I know how that scene is supposed to play out in a movie. Her aggressive approach however freaked me out.

She was just too old!. In my 20 year old eyes, a 27 year old woman looked positively ancient. Really. I was also still somewhat nerdish in those days and the idea that our station manager might walk in and catch us was too much. My budding career was the great love of my life then and I was not about to toss it away for a great story to tell the other jocks. She had me pinned against a big stack of boxes containing Steely Dan albums (ironically it was “Can’t Buy A Thrill”) we’d ordered for a contest. Facing certain suffocation, I slid downward and bolted for the outer office where I escaped to safety.

Good thing too, because it turned out she was involved with my boss. Had he caught us, my radio career (and life) might have come to an early conclusion.

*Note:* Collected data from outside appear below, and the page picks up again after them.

(* Let $X$ be a nonempty set, $\eta\in[0,1)$, $G\subseteq X\times X$ reflexive, symmetric and idempotent ($G\circ G=G$), $\mu$ a finitely additive measure on $\mathcal P(X)$, and $\mu^{\otimes2}$ a finitely additive set function on the product algebra $\mathcal P(X)\otimes\mathcal P(X)$ with $\mu^{\otimes2}(A\times B)=\mu(A)\mu(B)$. Suppose $G$ has finitely many equivalence classes $C_1,\dots,C_m$, that $\mu(C_j)>0$ for all $j$, and that the coupling law $\mu^{\otimes2}((B\times X)\cap G)=\mu(B)+\eta\,\mu^{\otimes2}((B\times X)\cap G)$ holds for all $B\subseteq X$. Then \[\mu(X)=\frac{m}{1-\eta},\qquad \mu^{\otimes2}(G)=\sum_{j=1}^m\mu(C_j)^2=\frac{m}{(1-\eta)^2},\] and $\mu^{\otimes2}((B\times X)\cap G)=\frac{\mu(B)}{1-\eta}$ for every $B\subseteq X$.
   Context: For relations, $H\circ K=\{(x,z):\exists y\,(x,y)\in H,(y,z)\in K\}$. A finitely additive measure satisfies $\mu(\varnothing)=0$ and additivity on disjoint pairs. The coupling law stated is the coupling law of the axiom system specialized to $R=X$, $I=\varnothing$, $\Pi_R=\mathrm{id}_X$. *)

theory Defs
  imports Complex_Main
begin

inductive_set prod_algebra :: "'a set \<Rightarrow> ('a \<times> 'a) set set" for X :: "'a set" where
  rect: "A \<subseteq> X \<Longrightarrow> B \<subseteq> X \<Longrightarrow> A \<times> B \<in> prod_algebra X"
| compl: "S \<in> prod_algebra X \<Longrightarrow> (X \<times> X) - S \<in> prod_algebra X"
| union: "S \<in> prod_algebra X \<Longrightarrow> T \<in> prod_algebra X \<Longrightarrow> S \<union> T \<in> prod_algebra X"

definition fin_add_measure :: "'b set set \<Rightarrow> ('b set \<Rightarrow> real) \<Rightarrow> bool" where
  "fin_add_measure M \<mu> \<longleftrightarrow> \<mu> {} = 0 \<and> (\<forall>A\<in>M. 0 \<le> \<mu> A) \<and>
     (\<forall>A\<in>M. \<forall>B\<in>M. A \<inter> B = {} \<longrightarrow> \<mu> (A \<union> B) = \<mu> A + \<mu> B)"

definition fin_add_fun :: "'b set set \<Rightarrow> ('b set \<Rightarrow> real) \<Rightarrow> bool" where
  "fin_add_fun M \<nu> \<longleftrightarrow> \<nu> {} = 0 \<and>
     (\<forall>A\<in>M. \<forall>B\<in>M. A \<inter> B = {} \<longrightarrow> \<nu> (A \<union> B) = \<nu> A + \<nu> B)"

end

theory Submission
  imports Defs
begin

text \<open>The coupling law is linear in \<open>\<mu>2 ((B \<times> X) \<inter> G)\<close> and solves to \<open>\<mu> B / (1 - \<eta>)\<close>.
  For an equivalence class \<open>C\<close> of \<open>G\<close> the row \<open>(C \<times> X) \<inter> G\<close> is the square \<open>C \<times> C\<close>, of
  mass \<open>\<mu> C ^ 2\<close>; so \<open>\<mu> C ^ 2 = \<mu> C / (1 - \<eta>)\<close>, and positivity forces \<open>\<mu> C = 1 / (1 - \<eta>)\<close>.
  Summing over the \<open>m\<close> classes gives \<open>\<mu> X\<close>, and the row \<open>B = X\<close> gives \<open>\<mu>2 G = \<mu> X / (1 - \<eta>)\<close>.\<close>

lemma fin_add_measure_Union:
  assumes "fin_add_measure (Pow X) \<mu>"
    and "finite F" and "F \<subseteq> Pow X" and "pairwise disjnt F"
  shows "\<mu> (\<Union>F) = sum \<mu> F"
  using assms(2-4)
proof (induction F rule: finite_induct)
  case empty
  then show ?case using assms(1) by (simp add: fin_add_measure_def)
next
  case (insert A F)
  have "A \<inter> \<Union>F = {}"
    using insert.prems(2) insert.hyps(2) by (auto simp: pairwise_def disjnt_def)
  then have "\<mu> (A \<union> \<Union>F) = \<mu> A + \<mu> (\<Union>F)"
    using assms(1) insert.prems(1) unfolding fin_add_measure_def by blast
  then show ?case
    using insert by (simp add: pairwise_insert)
qed

lemma fin_add_measure_quotient_sum:
  assumes "fin_add_measure (Pow X) \<mu>" and "equiv X G" and "finite (X // G)"
  shows "\<mu> X = (\<Sum>C\<in>X // G. \<mu> C)"
proof -
  have "X // G \<subseteq> Pow X"
    using assms(2) by (auto dest: in_quotient_imp_subset)
  moreover have "pairwise disjnt (X // G)"
    using quotient_disj[OF assms(2)] by (auto simp: pairwise_def disjnt_def)
  ultimately show ?thesis
    using fin_add_measure_Union[OF assms(1,3)] Union_quotient[OF assms(2)] by simp
qed

lemma equiv_if_relcomp_idem:
  assumes "G \<subseteq> X \<times> X" and "refl_on X G" and "sym G" and "G O G = G"
  shows "equiv X G"
proof (rule equivI)
  show "trans G"
    using assms(4) unfolding trans_def by blast
qed (use assms in auto)

lemma quotient_times_Int_eq:
  assumes "equiv X G" and "C \<in> X // G"
  shows "(C \<times> X) \<inter> G = C \<times> C"
proof -
  obtain x where "x \<in> X" and C: "C = G `` {x}"
    using assms(2) by (rule quotientE)
  have "(a, b) \<in> G \<longleftrightarrow> b \<in> C" if "a \<in> C" for a b
    using that assms(1) unfolding C by (meson equiv_def symD transD Image_singleton_iff)
  moreover have "C \<subseteq> X"
    using assms by (rule in_quotient_imp_subset)
  ultimately show ?thesis
    by auto
qed

lemma affine_fixpoint_eq:
  fixes v a \<eta> :: "'a :: field"
  assumes "\<eta> \<noteq> 1" and "v = a + \<eta> * v"
  shows "v = a / (1 - \<eta>)"
proof -
  have "(1 - \<eta>) * v = a"
    using assms(2) by (simp add: algebra_simps)
  then show ?thesis
    using assms(1) by (simp add: field_simps)
qed

theorem corollary5p6:
  fixes X :: "'a set" and \<eta> :: real and G :: "('a \<times> 'a) set"
    and \<mu> :: "'a set \<Rightarrow> real" and \<mu>2 :: "('a \<times> 'a) set \<Rightarrow> real"
  assumes "X \<noteq> {}"
    and "0 \<le> \<eta>" and "\<eta> < 1"
    and "G \<subseteq> X \<times> X" and "refl_on X G" and "sym G" and "G O G = G"
    and "fin_add_measure (Pow X) \<mu>"
    and "fin_add_fun (prod_algebra X) \<mu>2"
    and "\<And>A B. A \<subseteq> X \<Longrightarrow> B \<subseteq> X \<Longrightarrow> \<mu>2 (A \<times> B) = \<mu> A * \<mu> B"
    and "finite (X // G)"
    and "\<And>C. C \<in> X // G \<Longrightarrow> \<mu> C > 0"
    and "\<And>B. B \<subseteq> X \<Longrightarrow> \<mu>2 ((B \<times> X) \<inter> G) = \<mu> B + \<eta> * \<mu>2 ((B \<times> X) \<inter> G)"
  shows "\<mu> X = real (card (X // G)) / (1 - \<eta>)
    \<and> \<mu>2 G = (\<Sum>C\<in>X // G. (\<mu> C)^2)
    \<and> (\<Sum>C\<in>X // G. (\<mu> C)^2) = real (card (X // G)) / (1 - \<eta>)^2
    \<and> (\<forall>B. B \<subseteq> X \<longrightarrow> \<mu>2 ((B \<times> X) \<inter> G) = \<mu> B / (1 - \<eta>))"
proof -
  have equiv: "equiv X G"
    using assms(4-7) by (rule equiv_if_relcomp_idem)
  have row: "\<mu>2 ((B \<times> X) \<inter> G) = \<mu> B / (1 - \<eta>)" if "B \<subseteq> X" for B
    using assms(3) assms(13)[OF that] by (intro affine_fixpoint_eq) auto
  have class_mass: "\<mu> C = 1 / (1 - \<eta>)" if C: "C \<in> X // G" for C
  proof -
    have "C \<subseteq> X"
      using equiv C by (rule in_quotient_imp_subset)
    then have "\<mu> C * \<mu> C = \<mu>2 ((C \<times> X) \<inter> G)"
      using assms(10) quotient_times_Int_eq[OF equiv C] by simp
    also have "\<dots> = \<mu> C * (1 / (1 - \<eta>))"
      using row \<open>C \<subseteq> X\<close> by simp
    finally show ?thesis
      using assms(12)[OF C] mult_left_cancel by (metis less_irrefl)
  qed
  have mass: "\<mu> X = real (card (X // G)) / (1 - \<eta>)"
    using fin_add_measure_quotient_sum[OF assms(8) equiv assms(11)] class_mass by simp
  have squares: "(\<Sum>C\<in>X // G. (\<mu> C)^2) = real (card (X // G)) / (1 - \<eta>)^2"
    using class_mass by (simp add: power_divide)
  have "\<mu>2 G = \<mu> X / (1 - \<eta>)"
    using row[of X] assms(4) by (simp add: Int_absorb1)
  then show ?thesis
    using mass squares row by (simp add: power2_eq_square)
qed

end
(* Let $\sigma\in\mathrm{NC}_n$ and $1\le i<n$. Then $i$ is a noncrossing descent of $\sigma$ if and only if $i$ is the minimal element of its cycle of $\sigma$ and $i+1$ is not the minimal element of its cycle. In particular, for every $\sigma\in\mathrm{NC}_n\setminus\{\mathrm{id}\}$, $\sigma$ has at least one noncrossing descent.
   Context: A set partition of $[n]$ is noncrossing if there are no distinct blocks $P,Q$ with $a,b\in P$, $c,d\in Q$, $a<c<b<d$. To a noncrossing partition associate $\sigma\in S_n$ acting on each block $\{a_1<\dots<a_p\}$ by $\sigma(a_j)=a_{j-1}$ ($j\ge2$), $\sigma(a_1)=a_p$; $\mathrm{NC}_n$ is the set of these permutations, whose cycles (including fixed points) are the blocks. $s_i=(i,i+1)$, $\sigma s_i=\sigma\circ s_i$, $\ell$ is Coxeter length. $i$ is a noncrossing descent of $\sigma\in\mathrm{NC}_n$ if $\sigma s_i\in\mathrm{NC}_n$ and $\ell(\sigma s_i)<\ell(\sigma)$. *)

theory Defs
  imports "HOL-Combinatorics.Combinatorics" "HOL-Library.Disjoint_Sets"
begin

text \<open>Permutations of [n] = {1..n} are functions nat => nat fixing everything outside {1..n}.\<close>

definition noncrossing :: "nat set set \<Rightarrow> bool" where
  "noncrossing P \<longleftrightarrow>
     (\<forall>B\<in>P. \<forall>C\<in>P. B \<noteq> C \<longrightarrow>
        \<not> (\<exists>a b c d. a \<in> B \<and> b \<in> B \<and> c \<in> C \<and> d \<in> C \<and> a < c \<and> c < b \<and> b < d))"
lemma IFr_principal_if_supercompact:
  assumes c: "c \<in> Ob C" and S: "S \<in> IFr C P c" and sc: "supercompact C P c S"
  shows "IFr_principal C P c S"
proof -
  define R where "R = (\<Union>(f, x)\<in>S. gen_sieve C P (cdom C f) (eta C P (cdom C f) x) f)"
  have "sieve C P c S R"
    unfolding R_def by (rule sieve_UN) (clarsimp intro!: sieve_gen_sieve, rule sd_arrow_eta[OF c S])
  moreover have "K_covers C S R"
  proof -
    have "(\<Union>(e, W, g)\<in>R. IFr_ex C g W) = (\<Union>(f, x)\<in>S. IFr_ex C f (eta C P (cdom C f) x))"
      unfolding R_def UN_UN_flatten
      by (rule SUP_cong[OF refl]) (clarsimp simp: Union_IFr_ex_gen_sieve[OF sd_arrow_eta[OF c S]])
    then show ?thesis
      unfolding K_covers_def using IFr_eq_Union_principal[OF S] by argo
  qed
  ultimately obtain e W k where "(e, W, k) \<in> R" and covers: "K_covers C S (gen_sieve C P e W k)"
    using sc unfolding supercompact_def by blast
  then obtain f x g where fx: "(f, x) \<in> S" and k: "k = comp C f g"
    and g: "sd_arrow C P e W g (cdom C f) (eta C P (cdom C f) x)"
    unfolding R_def gen_sieve_def by blast
  have S_eq: "S = IFr_ex C k W"
    using covers K_covers_gen_sieve_iff[OF sd_arrow_comp[OF sd_arrow_eta[OF c S fx] g]] k by simp
  have f: "f \<in> hom C (cdom C f) c" and x: "x \<in> PC P (cdom C f)"
    using IFr_memD[OF S fx] by (simp_all add: hom_Mor)
  have "S = IFr_ex C f (IFr_ex C g W)"
    using S_eq k IFr_ex_comp[of W e g "cdom C f" f] f g by (simp add: sd_arrow_def hom_Mor)
  also have "\<dots> \<subseteq> IFr_ex C f (eta C P (cdom C f) x)"
    using IFr_ex_mono[OF sd_arrow_IFr_ex_subset[OF g]] .
  finally have "S = IFr_ex C f (eta C P (cdom C f) x)"
    using IFr_ex_eta_subset[OF S fx] by blast
  then show ?thesis
    unfolding IFr_principal_def using f x by blast
qed

end

end

theorem lemma7p6:
  fixes C :: "('o, 'm) cat" and P :: "('m, 'p, 'o) doctrine"
  assumes "primary_doctrine C P"
    and "c \<in> Ob C"
    and "S \<in> IFr C P c"
  shows "(\<exists>d f x. f \<in> hom C d c \<and> x \<in> PC P d \<and> S = IFr_ex C f (eta C P d x))
         \<longleftrightarrow> supercompact C P c S"
proof -
  have "category C"
    using assms(1) unfolding primary_doctrine_def finitely_complete_def by blast
  then show ?thesis
    using supercompact_if_IFr_principal[OF _ assms(1,3)] IFr_principal_if_supercompact[OF _ assms]
    unfolding IFr_principal_def by blast
qed

end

She left the station a few weeks later when they split up. Our broadcasting paths never crossed again, but that memory has crossed my mind more than a few times in the years since. Karen (last name withheld to protect the not-so-innocent) taught me another lesson.

When a woman decides she wants you, and makes that clear- and you say “no”, you have made a permanent enemy. Her last few weeks at ABC taught me the meaning of scorn.  Make that scorndimonium. Her cold, icy stares were insufferable and I lacked the life skills to deal with it.

Don’t get me wrong. It’s not the Cougar and subsequent trophy taking behavior I find troubling- just the double-standard.

For example, I was on the air one night (on a well known South Florida radio station) when a female co-worker (with a management title!) snuck into the studio behind me while I was doing a break and yanked my sweatpants down without prior notice. 
  

It sounded something like this. “Partly cloudy skies with a high tomorrow NEAR 90?!?!?” Reverse that situation and it’s a six figure lawsuit. I laughed awkwardly at her joke but did not respond to the advance and she too, put me through weeks of scorndimonium.

Thanks to modern technology. what happened all those years ago at ABC-FM could never happen again. Karen couldn’t pin me against a stack of album boxes because we don’t use or give them away anymore. We don’t use CDs either because our station, like most, has entered the digital age. Our music is all computer driven. Still. the result would not change.

Karen would find my laptop closed. I’m just not that kind of disc jockey.